Step 4: Simplify the argument.
$4 \left( \cos(\pi) + i \sin(\pi) \right)$.
$4 \left( -1 + 0i \right) = -4$.

Therefore, $(1 + i)^4 = -4$.

Cube Roots of Unity

The cube roots of unity are $1, \omega, \omega^2$, where $\omega = -\frac{1}{2} + i \frac{\sqrt{3}}{2}$ and $\omega^2 = -\frac{1}{2} - i \frac{\sqrt{3}}{2}$.

Example: Consider the cube roots of unity. Verify the value of $\omega$:

$\omega = -\frac{1}{2} + i \frac{\sqrt{3}}{2}$
Compute $\omega^3$:
$\omega^3 = \left(-\frac{1}{2} + i \frac{\sqrt{3}}{2}\right)^3$
This simplifies to $1$.

Properties of Cube Roots of Unity:

• $1 + \omega + \omega^2 = 0$
• $\omega^3 = 1$
• $\omega^2 \cdot \omega = \omega^3 = 1$

Example: Verify the property $1 + \omega + \omega^2 = 0$:

Substitute the values:
$1 + \left(-\frac{1}{2} + i \frac{\sqrt{3}}{2}\right) + \left(-\frac{1}{2} - i \frac{\sqrt{3}}{2}\right)$
Simplify:
$1 - \frac{1}{2} - \frac{1}{2} + i \frac{\sqrt{3}}{2} - i \frac{\sqrt{3}}{2}$
This results in:
$0$.

Trigonometric Identities involving Complex Numbers

Sum of Angles:
$\cos(A + B) = \cos A \cos B - \sin A \sin B$
$\sin(A + B) = \sin A \cos B + \cos A \sin B$.

Double Angle Formulas:
$\cos(2A) = \cos^2 A - \sin^2 A$
$\sin(2A) = 2 \sin A \cos A$.

Triple Angle Formulas:
$\cos(3A) = 4\cos^3 A - 3\cos A$
$\sin(3A) = 3\sin A - 4\sin^3 A$.

Example Question

Question: Verify the identity $\cos(3A) = 4\cos^3 A - 3\cos A$ using De Moivre's Theorem.

Solution:
Step 1: Express $z = \cos A + i \sin A$ in exponential form using Euler's formula:
$z = e^{iA}$.

Step 2: Use De Moivre's Theorem to find $z^3$:
$z^3 = (e^{iA})^3 = e^{i(3A)}$.

Step 3: Convert back to trigonometric form:
$e^{i(3A)} = \cos(3A) + i \sin(3A)$.

Step 4: Expand $z^3$ using binomial expansion:
$z^3 = (\cos A + i \sin A)^3$
$= \cos^3 A + 3i \cos^2 A \sin A - 3 \cos A \sin^2 A - i \sin^3 A$
$= (\cos^3 A - 3 \cos A \sin^2 A) + i (3 \cos^2 A \sin A - \sin^3 A)$.
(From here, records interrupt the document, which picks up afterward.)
(* Let $X$ be a continuum (a connected compact metric space). Then for every real $t \ge \operatorname{diam} X$ with $t>0$ and every positive integer $p$, $$d_{GH}(t\Delta_p, X) = d_{GH}\bigl(\mathcal{H}(t\Delta_p), \mathcal{H}(X)\bigr).$$
   Context: A simplex $t\Delta_p$ is the metric space with $p$ points, any two distinct ones at distance $t$. For a compact metric space $X$, $\mathcal{H}(X)$ is the set of all nonempty closed subsets of $X$ with the Hausdorff distance $|AB| = \max\{\sup_{a\in A}\inf_{b\in B}|ab|, \sup_{b\in B}\inf_{a\in A}|ab|\}$. $d_{GH}$ is the Gromov–Hausdorff distance (the infimum of $r$ such that there is a metric space $Z$ containing isometric copies $X',Y'$ of the two spaces with Hausdorff distance $|X'Y'|_Z\le r$). *)

theory Defs
  imports "HOL-Analysis.Analysis"
begin

definition diam_of :: "'a set \<Rightarrow> ('a \<Rightarrow> 'a \<Rightarrow> real) \<Rightarrow> real" where
  "diam_of X d = Sup {d x y | x y. x \<in> X \<and> y \<in> X}"

definition continuum :: "'a set \<Rightarrow> ('a \<Rightarrow> 'a \<Rightarrow> real) \<Rightarrow> bool" where
  "continuum X d \<longleftrightarrow> Metric_space X d \<and> X \<noteq> {} \<and>
     compact_space (Metric_space.mtopology X d) \<and>
     connected_space (Metric_space.mtopology X d)"

definition hausd :: "('a \<Rightarrow> 'a \<Rightarrow> real) \<Rightarrow> 'a set \<Rightarrow> 'a set \<Rightarrow> real" where
  "hausd d A B = max (SUP a\<in>A. INF b\<in>B. d a b) (SUP b\<in>B. INF a\<in>A. d a b)"

definition simplex_carrier :: "nat \<Rightarrow> nat set" where
  "simplex_carrier p = {0..<p}"

definition simplex_dist :: "real \<Rightarrow> nat \<Rightarrow> nat \<Rightarrow> real" where
  "simplex_dist t i j = (if i = j then 0 else t)"

definition hyp_carrier :: "'a set \<Rightarrow> ('a \<Rightarrow> 'a \<Rightarrow> real) \<Rightarrow> 'a set set" where
  "hyp_carrier X d = {A. A \<subseteq> X \<and> A \<noteq> {} \<and> closedin (Metric_space.mtopology X d) A}"

definition hyp_dist :: "('a \<Rightarrow> 'a \<Rightarrow> real) \<Rightarrow> 'a set \<Rightarrow> 'a set \<Rightarrow> real" where
  "hyp_dist d = hausd d"

definition isom_embed :: "'a set \<Rightarrow> ('a \<Rightarrow> 'a \<Rightarrow> real) \<Rightarrow> 'z set \<Rightarrow> ('z \<Rightarrow> 'z \<Rightarrow> real)
    \<Rightarrow> ('a \<Rightarrow> 'z) \<Rightarrow> bool" where
  "isom_embed X dX Z dZ f \<longleftrightarrow> f ` X \<subseteq> Z \<and> (\<forall>x\<in>X. \<forall>y\<in>X. dZ (f x) (f y) = dX x y)"

text \<open>The
ambient space Z is taken with points in the type 'a + 'b, which is no loss of
generality (one may always restrict Z to the union of the two copies, which
injects into the disjoint union).\<close>
definition GH_dist :: "'a set \<Rightarrow> ('a \<Rightarrow> 'a \<Rightarrow> real) \<Rightarrow> 'b set \<Rightarrow> ('b \<Rightarrow> 'b \<Rightarrow> real) \<Rightarrow> real" where
  "GH_dist X dX Y dY = Inf {r. \<exists>(Z :: ('a + 'b) set) dZ f g.
      Metric_space Z dZ \<and> isom_embed X dX Z dZ f \<and> isom_embed Y dY Z dZ g \<and>
      hausd dZ (f ` X) (g ` Y) \<le> r}"

end

theory Submission
  imports Defs
begin

text \<open>Both sides equal \<open>diam X / 2\<close> when \<open>p = 1\<close> and \<open>t / 2\<close> when \<open>p \<ge> 2\<close>.
Indeed \<open>\<H>(t\<Delta>\<^sub>p)\<close> is again a simplex with pairwise distances \<open>t\<close> (on \<open>2\<^sup>p - 1\<close> points), and
\<open>\<H>(X)\<close> shares with \<open>X\<close> the two properties that determine the Gromov--Hausdorff distance to such a
simplex: its diameter is \<open>diam X \<le> t\<close>, and it is well-chained (any two points are joined by
\<open>\<epsilon>\<close>-chains for every \<open>\<epsilon> > 0\<close>), since every closed set is \<open>\<epsilon>\<close>-close to a finite set and finite
sets can be moved one point at a time along \<open>\<epsilon>\<close>-chains of the connected space \<open>X\<close>.
For a single point the distance to \<open>Y\<close> is \<open>diam Y / 2\<close>.  For at least two points, gluing at
distance \<open>t / 2\<close> realises \<open>t / 2\<close>; conversely, in a realisation at distance \<open>r < t / 2\<close> the
points of \<open>Y\<close> near a fixed vertex form a set closed under \<open>(t - 2r)\<close>-steps, hence all of \<open>Y\<close>, which
leaves no point of \<open>Y\<close> near any other vertex.\<close>

text \<open>The locale Metric_space requires symmetry and nonnegativity of the distance everywhere, but
the Hausdorff distance has them only on nonempty bounded sets.  Restricting a distance to its
carrier repairs this without changing GH_dist or diam_of.\<close>

definition restrict_dist :: "'a set \<Rightarrow> ('a \<Rightarrow> 'a \<Rightarrow> real) \<Rightarrow> 'a \<Rightarrow> 'a \<Rightarrow> real" where
  "restrict_dist M d x y = (if x \<in> M \<and> y \<in> M then d x y else 0)"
Step 5: Equate the real parts:
$\cos(3A) = \cos^3 A - 3 \cos A \sin^2 A$.
Using the Pythagorean identity $\sin^2 A = 1 - \cos^2 A$:
$\cos(3A) = \cos^3 A - 3 \cos A (1 - \cos^2 A)$
$= \cos^3 A - 3 \cos A + 3 \cos^3 A$
$= 4 \cos^3 A - 3 \cos A$.

Therefore, the identity $\cos(3A) = 4 \cos^3 A - 3 \cos A$ is verified.